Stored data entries

lemma f_list_profile_cong:
  assumes "ballot_list A rs" "ballot_list A qs" "\<And>a b. list_margin rs a b = list_margin qs a b"
  shows "f (list_profile rs) = f (list_profile qs)"
  using pairwise assms is_profile_list_profile unfolding pairwise_scc_def
  by (metis ext margin_list_profile)

lemma ex_ballot_list:
  assumes R: "is_profile A R"
  obtains rs where "ballot_list A rs" "f R = f (list_profile rs)"
    "\<And>a b. margin R a b = list_margin rs a b"
proof
  let ?rs = "map (the \<circ> R) (sorted_list_of_set (dom R))"
  show rs: "ballot_list A ?rs"
    using R by (auto simp: is_profile_def ballot_list_def)
  show margin: "margin R a b = list_margin ?rs a b" for a b
    using R by (simp add: is_profile_def margin_eq_list_margin)
  show "f R = f (list_profile ?rs)"
    using pairwise R is_profile_list_profile[OF rs] unfolding pairwise_scc_def
    by (metis ext margin margin_list_profile)
qed

text \<open>If the choice moved away from \<open>{x}\<close>, a voter ranking \<open>x\<close> last in \<open>r\<close> would gain by
  the change, and one ranking \<open>x\<close> first in \<open>r'\<close> would gain by reverting it.\<close>

lemma deviation_keeps_singleton:
  assumes rs: "ballot_list A (ps @ r # qs)"
    and fx: "f (list_profile (ps @ r # qs)) = {x}" and change: "harmless_change A x r r'"
  shows "f (list_profile (ps @ r' # qs)) = {x}"
proof (rule ccontr)
  let ?R = "list_profile (ps @ r # qs)" and ?R' = "list_profile (ps @ r' # qs)"
  let ?i = "Suc (length ps)"
  assume ne: "f ?R' \<noteq> {x}"
  have rs': "ballot_list A (ps @ r' # qs)"
    using rs change by (auto simp: ballot_list_def harmless_change_def)
  have profiles: "is_profile A ?R" "is_profile A ?R'"
    using rs rs' is_profile_list_profile by blast+
  have dom: "dom ?R' = dom ?R" "?i \<in> dom ?R"
    by (simp_all add: dom_list_profile)
  have others: "?R' j = ?R j" if "j \<noteq> ?i" for j
  proof -
    have "(ps @ r' # qs) ! n = (ps @ r # qs) ! n" if "n \<noteq> length ps" for n
      using that by (cases "n < length ps") (auto simp: nth_append nth_Cons')
    then show ?thesis
      using that by (auto simp: list_profile_def)
  qed
  have ballot: "prefers ?R ?i u v \<longleftrightarrow> (u, v) \<in> r" "prefers ?R' ?i u v \<longleftrightarrow> (u, v) \<in> r'" for u v
    by (simp_all add: prefers_def list_profile_def dom_list_profile)
  have Y: "f ?R' \<subseteq> A" "f ?R' \<noteq> {}"
    using scc profiles unfolding is_scc_def by auto
  show False
    using change unfolding harmless_change_def
  proof (elim conjE disjE)
    assume "ranks_bottom A x r"
    then have "fishburn ?R ?i (f ?R') (f ?R)"
      using ne Y(1) unfolding fx fishburn_def ballot ranks_bottom_def by auto
    then show False
      using strategyproof profiles dom others unfolding strategyproof_def by blast
  next
    assume "ranks_top A x r'"
    then have "fishburn ?R' ?i (f ?R) (f ?R')"
      using ne Y unfolding fx fishburn_def ballot ranks_top_def by auto
    then show False
      using strategyproof profiles dom others unfolding strategyproof_def by (metis dom(1))
  qed
qed

lemma deviations_keep_singleton:
  assumes "list_all2 (harmless_change A x) ss ss'"
  shows "ballot_list A (ps @ ss @ qs) \<Longrightarrow> f (list_profile (ps @ ss @ qs)) = {x} \<Longrightarrow>
    f (list_profile (ps @ ss' @ qs)) = {x}"
  using assms
proof (induction ss ss' arbitrary: ps rule: list_all2_induct)
  case (Cons r ss r' ss')
  have "f (list_profile (ps @ r' # ss @ qs)) = {x}"
    using deviation_keeps_singleton[of ps r "ss @ qs" x r'] Cons by auto
  moreover have "ballot_list A ((ps @ [r']) @ ss @ qs)"
    using Cons by (auto simp: ballot_list_def harmless_change_def)
  ultimately show ?case
    using Cons.IH[of "ps @ [r']"] by simp
qed simp

lemma raise_row:
  assumes x: "x \<in> A" and rs: "ballot_list A rs" and fx: "f (list_profile rs) = {x}"
    and k: "\<forall>z\<in>A - {x}. k z \<le> M"
  obtains qs where "ballot_list A qs" "f (list_profile qs) = {x}" "length qs = length rs + 2 * M"
    "\<And>b. b \<in> A - {x} \<Longrightarrow> list_margin qs x b = list_margin rs x b + 2 * int (k b)"
proof -
  obtain r where "r \<in> set rs"
    using rs unfolding ballot_list_def by fastforce
  then have r: "strict_total_order A r"
    using rs unfolding ballot_list_def by blast
  \<comment> \<open>In round \<open>l\<close>, \<open>x\<close> is lifted over those \<open>z\<close> that still need to gain, i.e. with \<open>l < k z\<close>.\<close>
  define D where "D l = {z \<in> A - {x}. l < k z}" for l
  have D: "D l \<subseteq> A - {x}" for l
    unfolding D_def by blast
  let ?under = "map (\<lambda>l. block_under x (D l) r) [0..<M]"
  let ?over = "map (\<lambda>l. block_over x (D l) r) [0..<M]"
  let ?rev = "map (\<lambda>l. (block_under x (D l) r)\<inverse>) [0..<M]"
  have ballots: "ballot_list A (rs @ ?under @ ?rev)" "ballot_list A (rs @ ?over @ ?rev)"
    using rs r by (auto simp: ballot_list_def strict_total_order_block_under
        strict_total_order_block_over strict_total_order_converse)
  have "f (list_profile (rs @ ?under @ ?rev)) = {x}"
    using f_list_profile_cong[OF ballots(1) rs] fx by simp
  moreover have "list_all2 (harmless_change A x) ?under ?over"
    by (rule list_all2_all_nthI)
      (simp_all add: harmless_change_def r x strict_total_order_block_over ranks_bottom_block_under)
  ultimately have "f (list_profile (rs @ ?over @ ?rev)) = {x}"
    using deviations_keep_singleton ballots(1) by blast
  moreover have "list_margin (rs @ ?over @ ?rev) x b = list_margin rs x b + 2 * int (k b)"
    if b: "b \<in> A - {x}" for b
  proof -
    have steps: "(\<Sum>l<N. if l < k b then 2 else (0::int)) = 2 * int (min (k b) N)" for N
      by (induction N) auto
    have "list_margin (?over @ ?rev) x b =
        (\<Sum>l<M. ballot_margin (block_over x (D l) r) x b -
          ballot_margin (block_under x (D l) r) x b)"
      by (simp add: list_margin_map_upt sum_subtractf)
    also have "\<dots> = (\<Sum>l<M. if l < k b then 2 else 0)"
      using b by (simp add: ballot_margin_block_over[OF r x D]) (auto simp: D_def intro!: sum.cong)
    also have "\<dots> = 2 * int (k b)"
      using steps k b by (simp add: min_def)
    finally show ?thesis
      by simp
  qed
  ultimately show thesis
    using that ballots(2) by simp
qed

lemma graft_keeps_singleton:
  assumes x: "x \<in> A" and W: "ballot_list A W" and rs: "ballot_list A rs"
    and len: "length rs = length W" and fx: "f (list_profile W) = {x}"
  shows "f (list_profile (graft x W rs)) = {x}"
proof -
  let ?rev = "map (\<lambda>r. (sink x r)\<inverse>) W"
  have ballots: "ballot_list A (W @ map (sink x) W @ ?rev)"
    using ballot_list_graft[OF W W] unfolding graft_def .
  have "f (list_profile (W @ map (sink x) W @ ?rev)) = {x}"
    using f_list_profile_cong[OF ballots W] fx by simp
  moreover have "list_all2 (harmless_change A x) (map (sink x) W) (map (sink x) rs)"
    using W rs len by (intro list_all2_all_nthI)
      (auto simp: harmless_change_def ballot_list_def x strict_total_order_sink ranks_bottom_sink)
  ultimately show ?thesis
    using deviations_keep_singleton ballots unfolding graft_def by blast
qed

lemma singleton_determined_by_row:
  assumes x: "x \<in> A" and W: "ballot_list A W" and fx: "f (list_profile W) = {x}"
    and rs: "ballot_list A rs" and len: "length rs = length W"
    and row: "\<And>b. b \<in> A - {x} \<Longrightarrow> list_margin rs x b = list_margin W x b"
  shows "f (list_profile rs) = {x}"
proof -
  have graft_row: "list_margin (graft x W rs) x b = list_margin rs x b" for b
  proof (cases "b \<in> A - {x}")
    case True
    then show ?thesis
      using list_margin_graft_row[OF W rs len x] row by simp
  next
    case False
    then show ?thesis
      using list_margin_trivial[of "graft x W rs" A x b] list_margin_trivial[of rs A x b]
        ballot_list_graft[OF W rs] rs
      by (cases "b = x") (auto simp: ballot_list_def)
  qed
  have "list_margin (graft x W rs) a b = list_margin rs a b" for a b
    using graft_row[of b] graft_row[of a] list_margin_graft_off_row[OF W rs]
    by (metis list_margin_commute)
  then have "f (list_profile rs) = f (list_profile (graft x W rs))"
    using f_list_profile_cong[OF rs ballot_list_graft[OF W rs]] by metis
  then show ?thesis
    using graft_keeps_singleton[OF x W rs len fx] by simp
qed
lemma lindblad_span_code_scalar_diag:
  assumes N: "N \<ge> 3"
    and eig: "\<forall>k<N. \<forall>i<N. matvec N C (V k) i = lam k * V k i"
    and perp: "\<forall>w \<in> colspace N C. rdot N (\<lambda>j. cos (2 * \<theta> j)) w = 0"
    and S: "S \<in> lindblad_span N lam V"
  shows "\<exists>d. S = mat_diag (2^N) d \<and> code_scalar_diag N \<theta> d"
  using S
proof (induction rule: lindblad_span.induct)
  case zero
  have "0\<^sub>m (2^N) (2^N) = mat_diag (2^N) (\<lambda>_. 0)"
    by (rule eq_matI) (auto simp: mat_diag_def)
  then show ?case using code_scalar_diag_zero by blast
next
  case ident
  have "code_scalar_diag N \<theta> (pauliZ_diag N {})"
    using N by (intro code_scalar_diag_pauliZ[of _ _ 0]) auto
  then have "code_scalar_diag N \<theta> (\<lambda>_. 1)" by (simp only: pauliZ_diag_empty)
  then show ?case by (metis mat_diag_one)
next
  case (lin k)
  let ?s = "sqrt (lam k)"
  have "?s * rdot N (V k) (\<lambda>j. cos (2 * \<theta> j)) = 0"
    using eigvec_rdot_perp_colspace[OF eig perp lin] by (cases "lam k = 0") auto
  then have "code_scalar_diag N \<theta> (\<lambda>i. of_real ?s * vdotZ_diag N (V k) i)"
    using N by (auto simp: code_scalar_diag_def diag_braket_scale code_brakets_vdotZ
        intro!: exI[of _ 0] simp flip: of_real_mult)
  then show ?case using lindL_eq_mat_diag by blast
next
  case (quad k l)
  let ?s = "sqrt (lam k) * sqrt (lam l)"
  have "lindL N lam V k * lindL N lam V l
      = mat_diag (2^N) (\<lambda>i. of_real ?s * (vdotZ_diag N (V k) i * vdotZ_diag N (V l) i))"
    by (simp add: lindL_eq_mat_diag algebra_simps)
  moreover have "code_scalar_diag N \<theta> (\<lambda>i. of_real ?s * (vdotZ_diag N (V k) i * vdotZ_diag N (V l) i))"
    using N by (intro code_scalar_diag_scale code_scalar_diag_vdotZ_vdotZ)
  ultimately show ?case by blast
next
  case (add S T)
  then obtain d e where "S = mat_diag (2^N) d" "code_scalar_diag N \<theta> d"
      "T = mat_diag (2^N) e" "code_scalar_diag N \<theta> e" by blast
  moreover have "mat_diag (2^N) d + mat_diag (2^N) e = mat_diag (2^N) (\<lambda>i. d i + e i)"
    by (rule eq_matI) (auto simp: mat_diag_def)
  ultimately show ?case using code_scalar_diag_add by blast
next
  case (smult S r)
  then obtain d where "S = mat_diag (2^N) d" "code_scalar_diag N \<theta> d" by blast
  moreover have "of_real r \<cdot>\<^sub>m mat_diag (2^N) d = mat_diag (2^N) (\<lambda>i. of_real r * d i)"
    by (rule eq_matI) (auto simp: mat_diag_def)
  ultimately show ?case using code_scalar_diag_scale by blast
qed
(* For every $J\subseteq[n]$ and every $i\in[n]$, the element $q_{J,i}$ lies in $SI^B_n$. Moreover $q_{J,i}\in\bigoplus_{K:\,|K|=|J|,\ J\le_{\mathrm{Gale}}K}\mathbb C[\mathbf x_n]\cdot\theta_K$, and its component in $\mathbb C[\mathbf x_n]\cdot\theta_J$ equals $\pm\,p_{J,i}\cdot\theta_J$.
   Context: Let $n\ge1$, $\mathbb C[\mathbf x_n]=\mathbb C[x_1,\dots,x_n]$. The superspace is $\Omega_n=\mathbb C[\mathbf x_n]\otimes\wedge\{\theta_1,\dots,\theta_n\}$: the $\theta_i$ anticommute among themselves and commute with the $x_j$. For $J=\{j_1<\dots<j_k\}\subseteq[n]$, $\theta_J=\theta_{j_1}\cdots\theta_{j_k}$; every element of $\Omega_n$ is uniquely $\sum_J f_J\theta_J$ with $f_J\in\mathbb C[\mathbf x_n]$. The group $\mathfrak B_n$ of signed permutations (bijections $\pi$ of $\{\pm1,\dots,\pm n\}$ with $\pi(-i)=-\pi(i)$) acts on $\Omega_n$ by algebra automorphisms via $\pi(x_i)=x_{\pi(i)}$, $\pi(\theta_i)=\theta_{\pi(i)}$, with $x_{-i}=-x_i$, $\theta_{-i}=-\theta_i$. $SI^B_n$ is the ideal of $\Omega_n$ generated by the $\mathfrak B_n$-invariant elements with zero constant term. The operator $\partial_i$ acts on $\Omega_n$ as $\partial/\partial x_i$, treating the $\theta$'s as constants, and $d(f)=\sum_{i=1}^n\partial_i(f)\,\theta_i$. Gale order: for subsets of equal size $\{a_1<\dots<a_r\}\le_{\mathrm{Gale}}\{b_1<\dots<b_r\}$ iff $a_s\le b_s$ for all $s$. For $S\subseteq[n]$ and an integer $r$, $h^2_r(S)$ is the complete homogeneous symmetric polynomial of degree $r$ in the variables $\{x_s^2:s\in S\}$ (with $h^2_0(S)=1$ and $h^2_r(S)=0$ for $r<0$). For $J\subseteq[n]$ and $i\in[n]$ put $r_i=n-|J\cup\{i,\dots,n\}|+1$, and define $q_{J,i}=h^2_{r_i}(J\cup\{i,\dots,n\})\cdot\theta_J$ if $i\notin J$, $q_{J,i}=d\big(h^2_{r_i}(J\cup\{i,\dots,n\})\big)\cdot\theta_{J\setminus\{i\}}$ if $i\in J$; and $p_{J,i}=h^2_{r_i}(J\cup\{i,\dots,n\})$ if $i\notin J$, $p_{J,i}=\partial_i h^2_{r_i}(J\cup\{i,\dots,n\})$ if $i\in J$. *)

theory Defs
  imports Complex_Main "HOL-Library.Poly_Mapping"
begin

text \<open>A monomial is an exponent vector nat =>0 nat (variable x_i has index i, i >= 1);
  a polynomial is a finitely supported map from monomials to complex coefficients,
  with the convolution product from HOL-Library.Poly_Mapping.\<close>

type_synonym mpoly = "(nat \<Rightarrow>\<^sub>0 nat) \<Rightarrow>\<^sub>0 complex"

definition Const :: "complex \<Rightarrow> mpoly" where
  "Const c = Poly_Mapping.single 0 c"

definition Var :: "nat \<Rightarrow> mpoly" where
  "Var i = Poly_Mapping.single (Poly_Mapping.single i 1) 1"

definition in_polyring :: "nat \<Rightarrow> mpoly \<Rightarrow> bool" where
  "in_polyring n p \<longleftrightarrow> (\<forall>m \<in> Poly_Mapping.keys p. Poly_Mapping.keys m \<subseteq> {1..n})"

definition subst :: "(nat \<Rightarrow> mpoly) \<Rightarrow> mpoly \<Rightarrow> mpoly" where
  "subst s p = (\<Sum>m \<in> Poly_Mapping.keys p.
      Const (Poly_Mapping.lookup p m) *
      (\<Prod>i \<in> Poly_Mapping.keys m. s i ^ Poly_Mapping.lookup m i))"

definition pd :: "nat \<Rightarrow> mpoly \<Rightarrow> mpoly" where
  "pd i p = (\<Sum>m \<in> Poly_Mapping.keys p.
      Poly_Mapping.single (m - Poly_Mapping.single i 1)
        (of_nat (Poly_Mapping.lookup m i) * Poly_Mapping.lookup p m))"

text \<open>h^2_r(S): complete homogeneous symmetric polynomial of degree r in the x_s^2, s in S\<close>
definition h2 :: "int \<Rightarrow> nat set \<Rightarrow> mpoly" where
  "h2 r S = (if r < 0 then 0 else
     (\<Sum>m \<in> {m :: nat \<Rightarrow>\<^sub>0 nat. Poly_Mapping.keys m \<subseteq> S \<and>
                             (\<Sum>s\<in>S. Poly_Mapping.lookup m s) = nat r}.
        (\<Prod>s\<in>S. Var s ^ (2 * Poly_Mapping.lookup m s))))"

text \<open>An element sum_J f_J theta_J is represented by its coefficient function J |-> f_J.\<close>

type_synonym sup = "nat set \<Rightarrow> mpoly"

definition omega :: "nat \<Rightarrow> sup \<Rightarrow> bool" where
  "omega n F \<longleftrightarrow> (\<forall>J. F J \<noteq> 0 \<longrightarrow> J \<subseteq> {1..n}) \<and> (\<forall>J. in_polyring n (F J))"

definition szero :: sup where "szero = (\<lambda>_. 0)"

definition sadd :: "sup \<Rightarrow> sup \<Rightarrow> sup" where "sadd F G = (\<lambda>K. F K + G K)"

definition sneg :: "sup \<Rightarrow> sup" where "sneg F = (\<lambda>K. - F K)"

text \<open>theta_J (J ordered increasingly)\<close>
definition theta :: "nat set \<Rightarrow> sup" where
  "theta J = (\<lambda>K. if K = J then 1 else 0)"

definition emb :: "mpoly \<Rightarrow> sup" where
  "emb f = (\<lambda>K. if K = {} then f else 0)"

text \<open>sign with theta_I theta_J = ssign I J theta_(I Un J) for disjoint I, J\<close>
definition ssign :: "nat set \<Rightarrow> nat set \<Rightarrow> int" where
  "ssign I J = (-1) ^ card {(a, b). a \<in> I \<and> b \<in> J \<and> b < a}"

definition smult :: "sup \<Rightarrow> sup \<Rightarrow> sup" where
  "smult F G = (\<lambda>K. \<Sum>I \<in> Pow K. of_int (ssign I (K - I)) * F I * G (K - I))"

definition signed_perm :: "nat \<Rightarrow> (int \<Rightarrow> int) \<Rightarrow> bool" where
  "signed_perm n \<pi> \<longleftrightarrow>
     bij_betw \<pi> {i. 1 \<le> \<bar>i\<bar> \<and> \<bar>i\<bar> \<le> int n} {i. 1 \<le> \<bar>i\<bar> \<and> \<bar>i\<bar> \<le> int n} \<and>
     (\<forall>i. 1 \<le> \<bar>i\<bar> \<and> \<bar>i\<bar> \<le> int n \<longrightarrow> \<pi> (- i) = - \<pi> i)"

definition xvar :: "int \<Rightarrow> mpoly" where
  "xvar k = (if k > 0 then Var (nat k) else - Var (nat (- k)))"

definition thvar :: "int \<Rightarrow> sup" where
  "thvar k = (if k > 0 then theta {nat k} else sneg (theta {nat (- k)}))"

text \<open>pi(f theta_{j1}...theta_{jk}) = pi(f) theta_{pi j1} ... theta_{pi jk}\<close>
definition act :: "nat \<Rightarrow> (int \<Rightarrow> int) \<Rightarrow> sup \<Rightarrow> sup" where
  "act n \<pi> F = (\<lambda>K. \<Sum>J \<in> Pow {1..n}.
      smult (emb (subst (\<lambda>i. xvar (\<pi> (int i))) (F J)))
            (foldr smult (map (\<lambda>j. thvar (\<pi> (int j))) (sorted_list_of_set J)) (theta {})) K)"

definition B_invariant :: "nat \<Rightarrow> sup \<Rightarrow> bool" where
  "B_invariant n g \<longleftrightarrow> omega n g \<and> (\<forall>\<pi>. signed_perm n \<pi> \<longrightarrow> act n \<pi> g = g)"

definition const_term :: "sup \<Rightarrow> complex" where
  "const_term g = Poly_Mapping.lookup (g {}) 0"

inductive SI_B :: "nat \<Rightarrow> sup \<Rightarrow> bool" for n where
  zero: "SI_B n szero"
| gen: "\<lbrakk>B_invariant n g; const_term g = 0; omega n a; omega n b; SI_B n F\<rbrakk>
          \<Longrightarrow> SI_B n (sadd (smult a (smult g b)) F)"

definition dd :: "nat \<Rightarrow> mpoly \<Rightarrow> sup" where
  "dd n f = (\<lambda>K. \<Sum>i\<in>{1..n}. smult (emb (pd i f)) (theta {i}) K)"

definition gale :: "nat set \<Rightarrow> nat set \<Rightarrow> bool" where
  "gale A B \<longleftrightarrow> card A = card B \<and>
     (\<forall>s < card A. sorted_list_of_set A ! s \<le> sorted_list_of_set B ! s)"

definition rr :: "nat \<Rightarrow> nat set \<Rightarrow> nat \<Rightarrow> int" where
  "rr n J i = int n - int (card (J \<union> {i..n})) + 1"

definition qq :: "nat \<Rightarrow> nat set \<Rightarrow> nat \<Rightarrow> sup" where
  "qq n J i = (if i \<notin> J then smult (emb (h2 (rr n J i) (J \<union> {i..n}))) (theta J)
               else smult (dd n (h2 (rr n J i) (J \<union> {i..n}))) (theta (J - {i})))"

definition pp :: "nat \<Rightarrow> nat set \<Rightarrow> nat \<Rightarrow> mpoly" where
  "pp n J i = (if i \<notin> J then h2 (rr n J i) (J \<union> {i..n})
               else pd i (h2 (rr n J i) (J \<union> {i..n})))"

end

theory Submission
  imports Defs "HOL-Library.FuncSet"
begin

text \<open>
  The polynomials h^2_j([n]), j \<ge> 1, are invariant under signed permutations, and so is
  d h^2_j([n]): a signed permutation renames the variables up to sign, and by the chain rule such a
  renaming commutes with d up to the same signs. By the Leibniz rule for d, the polynomials f such
  that c f \<theta>_L and d(c f) \<theta>_L lie in SI^B_n for all c and L form an ideal of C[x_n],
  which therefore contains every h^2_j([n]) with j \<ge> 1. The recurrence
  h^2_j(S) = h^2_j(S \<union> {t}) - x_t^2 h^2_(j-1)(S \<union> {t}) puts h^2_j(S) into this ideal
  whenever j + |S| > n, in particular h = h^2_(r_i)(J \<union> {i..n}); hence q_(J,i) \<in> SI^B_n.
  Since h involves only the variables indexed by J \<union> {i..n}, the element d h \<theta>_(J - {i})
  has components only at (J - {i}) \<union> {l} with l = i or l \<ge> i outside J, and exchanging i for
  such an l moves J up in Gale order.
\<close>

lemma poly_mapping_eq_sum_single:
  "(p :: 'a \<Rightarrow>\<^sub>0 'b :: comm_monoid_add) =
     (\<Sum>m\<in>Poly_Mapping.keys p. Poly_Mapping.single m (Poly_Mapping.lookup p m))"
  by (rule poly_mapping_eqI) (simp add: lookup_sum lookup_single when_def in_keys_iff)

lemma pd_eq_sum_over:
  assumes "finite A" "Poly_Mapping.keys p \<subseteq> A"
  shows "pd i p = (\<Sum>m\<in>A. Poly_Mapping.single (m - Poly_Mapping.single i 1)
                      (of_nat (Poly_Mapping.lookup m i) * Poly_Mapping.lookup p m))"
  unfolding pd_def using assms by (intro sum.mono_neutral_left) (auto simp: in_keys_iff)

lemma pd_add: "pd i (p + q) = pd i p + pd i q"
proof -
  let ?A = "Poly_Mapping.keys p \<union> Poly_Mapping.keys q"
  have "pd i (p + q) = (\<Sum>m\<in>?A. Poly_Mapping.single (m - Poly_Mapping.single i 1)
          (of_nat (Poly_Mapping.lookup m i) * Poly_Mapping.lookup (p + q) m))"
    by (rule pd_eq_sum_over) (auto dest: set_mp[OF keys_add])
  also have "\<dots> = pd i p + pd i q"
    by (subst (1 2) pd_eq_sum_over[of ?A])
       (auto simp: lookup_add distrib_left single_add sum.distrib)
  finally show ?thesis .
qed

lemma pd_zero [simp]: "pd i 0 = 0"
  by (simp add: pd_def)

lemma pd_uminus: "pd i (- p) = - pd i p"
  by (simp add: pd_def single_uminus sum_negf)

lemma pd_sum: "pd i (sum f A) = (\<Sum>x\<in>A. pd i (f x))"
  by (induction A rule: infinite_finite_induct) (auto simp: pd_add)

lemma pd_single:
  "pd i (Poly_Mapping.single m c) =
     Poly_Mapping.single (m - Poly_Mapping.single i 1) (of_nat (Poly_Mapping.lookup m i) * c)"
  by (subst pd_eq_sum_over[of "{m}"]) auto

lemma single_mult_minus_single:
  fixes a b :: "nat \<Rightarrow>\<^sub>0 nat"
  assumes "Poly_Mapping.lookup a i \<noteq> 0"
  shows "Poly_Mapping.single (a - Poly_Mapping.single i 1) c * Poly_Mapping.single b d
           = Poly_Mapping.single (a + b - Poly_Mapping.single i 1) (c * d :: complex)"
proof -
  have "a - Poly_Mapping.single i 1 + b = a + b - Poly_Mapping.single i (1 :: nat)"
    by (rule poly_mapping_eqI)
       (use assms in \<open>auto simp: minus_poly_mapping.rep_eq lookup_add lookup_single when_def\<close>)
  then show ?thesis by (simp add: mult_single)
qed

Your objective:
Above are the records. Print exactly, and only, the lines from the line with "n F \<longleftrightarrow>" to the line with "(\<lambda>K. F K", both inclusive.

Solution:
  "omega n F \<longleftrightarrow> (\<forall>J. F J \<noteq> 0 \<longrightarrow> J \<subseteq> {1..n}) \<and> (\<forall>J. in_polyring n (F J))"

definition szero :: sup where "szero = (\<lambda>_. 0)"

definition sadd :: "sup \<Rightarrow> sup \<Rightarrow> sup" where "sadd F G = (\<lambda>K. F K + G K)"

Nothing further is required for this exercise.